Под утро Уилл засыпает в кресле, а пустой стакан, выпавший из его рук, Бастер загоняет под диван. Уиллу снится Рэндалл. У Рэндала лицо медленно теряет свои четкие очертания и размывается, напоминает Уиллу воду, в которую бросили камень. Когда гладь лица Рэндалла замирает, на ней начинают проступать иные черты. Уилл пристально всматривается и просыпается, когда видит, что на него смотрит он сам.
Вечером, на очередном сеансе с доктором Лектером, Уилл словно невзначай начинает разговор о Рэндалле Тире. Уилл ходит по кабинету, смотрит то в окно, то на книжные полки и лишь изредка — на самого Ганнибала. В конце сеанса Ганнибал так же невзначай предлагает Уиллу поговорить о Рэндалле Тире с самым Рэндаллом Тиром. Ночью Рэндалл сам приходит к Уиллу, чтобы побеседовать с ним на языке, который стал его родным с тех пор, как Рэндалл принял себя. У Уилла в доме на стене давно висит винтовка и пришло ее время выстрелить. Собаки Уилла чуют чужака и громко лают на дверь.
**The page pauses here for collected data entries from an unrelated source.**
lemma mat_lin_indep_le:
  fixes F :: "nat \<Rightarrow> 'a :: conjugatable_ordered_field mat"
  assumes "mat_lin_indep n d F" and "\<forall>k<d. F k \<in> mat_lin_span n e G"
  shows "d \<le> e"
proof (rule ccontr)
  assume "\<not> d \<le> e"
  then obtain c where "\<exists>i<d. c i \<noteq> 0" "mat_lincomb n d c F = 0\<^sub>m n n"
    using mat_lin_span_dependent[of e d F n G] assms(2) by auto
  then show False using mat_lin_indepD[OF assms(1)] by blast
qed

lemma index_mat_lincomb_matrix_units:
  assumes "a < n" "b < n"
  shows "mat_lincomb n (n*n) c (\<lambda>q. matrix_unit n (q div n) (q mod n)) $$ (a,b) = c (a*n + b)"
proof -
  have "mat_lincomb n (n*n) c (\<lambda>q. matrix_unit n (q div n) (q mod n)) $$ (a,b) =
      (\<Sum>q<n*n. c q * matrix_unit n (q div n) (q mod n) $$ (a,b))"
    using assms by (simp add: mat_lincomb_def)
  also have "\<dots> = (\<Sum>i<n. \<Sum>s<n. c (i*n+s) * matrix_unit n ((i*n+s) div n) ((i*n+s) mod n) $$ (a,b))"
    by (rule sum_lessThan_mult)
  also have "\<dots> = (\<Sum>i<n. \<Sum>s<n. if i = a then (if s = b then c (a*n + b) else 0) else 0)"
    using assms by (intro sum.cong refl) (auto simp: matrix_unit_def)
  also have "\<dots> = (\<Sum>i<n. if i = a then c (a*n + b) else 0)"
    using assms by (intro sum.cong refl) (simp add: sum.delta)
  also have "\<dots> = c (a*n + b)" using assms by (simp add: sum.delta)
  finally show ?thesis .
qed

lemma mat_lin_span_matrix_units:
  assumes Y: "Y \<in> carrier_mat n n"
  shows "Y \<in> mat_lin_span n (n*n) (\<lambda>q. matrix_unit n (q div n) (q mod n))"
proof -
  let ?E = "\<lambda>q. matrix_unit n (q div n) (q mod n)" and ?c = "\<lambda>q. Y $$ (q div n, q mod n)"
  have "Y = mat_lincomb n (n*n) ?c ?E"
  proof (rule eq_carrier_matI)
    fix a b assume a: "a < n" and b: "b < n"
    show "Y $$ (a,b) = mat_lincomb n (n*n) ?c ?E $$ (a,b)"
      unfolding index_mat_lincomb_matrix_units[OF a b] using b by simp
  qed (use Y in auto)
  then show ?thesis unfolding mat_lin_span_eq by blast
qed

lemma mat_lin_indep_matrix_units: "mat_lin_indep n (n*n) (\<lambda>q. matrix_unit n (q div n) (q mod n))"
  unfolding mat_lin_indep_def
proof (intro allI impI)
  fix c q assume zero: "mat_lincomb n (n*n) c (\<lambda>q. matrix_unit n (q div n) (q mod n)) = 0\<^sub>m n n"
    and q: "q < n*n"
  moreover have "n > 0" using q by (cases n) auto
  ultimately have "q div n < n" "q mod n < n" using q by (auto simp: less_mult_imp_div_less)
  then show "c q = 0"
    using zero index_mat_lincomb_matrix_units[of "q div n" n "q mod n" c] by simp
qed

lemma mat_lin_indep_extend:
  fixes F :: "nat \<Rightarrow> 'a :: conjugatable_ordered_field mat"
  assumes indep: "mat_lin_indep n d F" and Yc: "Y \<in> carrier_mat n n" and Y: "Y \<notin> mat_lin_span n d F"
  shows "mat_lin_indep n (Suc d) (F(d := Y))"
  unfolding mat_lin_indep_def
proof (intro allI impI)
  fix c k assume "mat_lincomb n (Suc d) c (F(d := Y)) = 0\<^sub>m n n" and k: "k < Suc d"
  then have rel: "\<forall>a<n. \<forall>b<n. (\<Sum>k<d. c k * F k $$ (a,b)) + c d * Y $$ (a,b) = 0"
    unfolding mat_lincomb_eq_0_iff by simp
  have cd: "c d = 0"
  proof (rule ccontr)
    assume cd: "c d \<noteq> 0"
    have "Y = mat_lincomb n d (\<lambda>k. - c k / c d) F"
    proof (rule eq_matI)
      fix a b assume "a < dim_row (mat_lincomb n d (\<lambda>k. - c k / c d) F)"
        and "b < dim_col (mat_lincomb n d (\<lambda>k. - c k / c d) F)"
      then have a: "a < n" and b: "b < n" by (simp_all add: mat_lincomb_def)
      have "c d * Y $$ (a,b) = - (\<Sum>k<d. c k * F k $$ (a,b))" using rel a b
        by (simp add: eq_neg_iff_add_eq_0 add.commute)
      then show "Y $$ (a,b) = mat_lincomb n d (\<lambda>k. - c k / c d) F $$ (a,b)"
        using a b cd
        by (simp add: mat_lincomb_def sum_divide_distrib[symmetric] sum_negf field_simps)
    qed (use Yc in \<open>simp_all add: mat_lincomb_def\<close>)
    then show False using Y unfolding mat_lin_span_eq by blast
  qed
  then have "mat_lincomb n d c F = 0\<^sub>m n n" using rel unfolding mat_lincomb_eq_0_iff by simp
  then show "c k = 0" using indep cd k unfolding mat_lin_indep_def by (cases "k = d") auto
qed

lemma mat_lin_indep_spans:
  fixes F :: "nat \<Rightarrow> 'a :: conjugatable_ordered_field mat"
  assumes indep: "mat_lin_indep n m F" and F: "\<forall>k<m. F k \<in> T" and T: "T \<subseteq> carrier_mat n n"
    and span: "T \<subseteq> mat_lin_span n m G"
  shows "T \<subseteq> mat_lin_span n m F"
proof
  fix Y assume Y: "Y \<in> T"
  show "Y \<in> mat_lin_span n m F"
  proof (rule ccontr)
    assume "Y \<notin> mat_lin_span n m F"
    then have "mat_lin_indep n (Suc m) (F(m := Y))"
      using mat_lin_indep_extend[OF indep] Y T by blast
    moreover have "\<forall>k<Suc m. (F(m := Y)) k \<in> mat_lin_span n m G" using span F Y
      by (auto simp: less_Suc_eq)
    ultimately show False using mat_lin_indep_le by fastforce
  qed
qed

text \<open>A maximal independent family in \<open>S\<close> spans \<open>S\<close>; one exists because independent
  families of \<open>n \<times> n\<close> matrices have at most \<open>n\<^sup>2\<close> members.\<close>

lemma finite_spanning_family:
  fixes S :: "'a :: conjugatable_ordered_field mat set"
  assumes S: "S \<subseteq> carrier_mat n n"
  shows "\<exists>d D. (\<forall>k<d. D k \<in> S) \<and> S \<subseteq> mat_lin_span n d D"
proof -
  define indep_in where "indep_in d \<longleftrightarrow> (\<exists>F. (\<forall>k<d. F k \<in> S) \<and> mat_lin_indep n d F)" for d
  have bound: "d \<le> n*n" if "indep_in d" for d
  proof -
    obtain F where F: "\<forall>k<d. F k \<in> S" "mat_lin_indep n d F"
      using \<open>indep_in d\<close> unfolding indep_in_def by blast
    then have "\<forall>k<d. F k \<in> mat_lin_span n (n*n) (\<lambda>q. matrix_unit n (q div n) (q mod n))"
      using S mat_lin_span_matrix_units by blast
    then show ?thesis using mat_lin_indep_le[OF F(2)] by blast
  qed
  define d where "d = (GREATEST d. indep_in d)"
  have "indep_in 0" unfolding indep_in_def mat_lin_indep_def by auto
  then have "indep_in d" unfolding d_def by (rule GreatestI_nat) (use bound in blast)
  then obtain F where F: "\<forall>k<d. F k \<in> S" "mat_lin_indep n d F" unfolding indep_in_def by blast
  have "Y \<in> mat_lin_span n d F" if Y: "Y \<in> S" for Y
  proof (rule ccontr)
    assume "Y \<notin> mat_lin_span n d F"
    then have "mat_lin_indep n (Suc d) (F(d := Y))" using mat_lin_indep_extend[OF F(2)] Y S by blast
    moreover have "\<forall>k<Suc d. (F(d := Y)) k \<in> S" using F(1) Y by auto
    ultimately have "Suc d \<le> d" unfolding d_def indep_in_def
      by (intro Greatest_le_nat) (use bound indep_in_def in blast)+
    then show False by simp
  qed
  then show ?thesis using F(1) by blast
qed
Уилл ее открывает, чтобы выйти к Рэндаллу, но его опережает Бастер, которого Уилл возвращает обратно в дом, пачкая ладони в его крови. С Бастером все будет в порядке, всего лишь царапина, но Уилл знает, что Бастер просто не был целью Рэндалла.
Уилл закрывает дверь, крепко сжимает винтовку и считает. Когда он доходит до семи, окно слева от него разлетается осколками. Вместо Рэндалла Уилл видит большого черного оленя, который ходит с ним по пятам после поездки в Миннесоту. Олень разбивает зеркало, падает на передние ноги и с пола поднимается черным вендиго. Вендиго тоже преследует Уилла, чуть позже оленя, но так же настойчиво. Вендиго хочет поднять Уилла на своих рогах и проткнуть его, чтобы он последовал дорогой Мариссы Шур, но у Уилла получается увернуться. У вендиго лицо Ганнибала, у Уилла в крови вскипает адреналин. Уилл не жалеет свои руки, в каждый удар он вкладывает свою горящую злость — на себя за то, что у него не получается ненавидеть Ганнибала и на Ганнибала за то, что сделал с ним все это. После очередного удара у вендиго лицо Ганнибала Лектера. Удары Уилла становятся еще сильнее — в мелких брызгах его собственной крови стена и ковер — осыпает лежащего под ним десятками ударов, а после хватает его за черные рога и ломает шею.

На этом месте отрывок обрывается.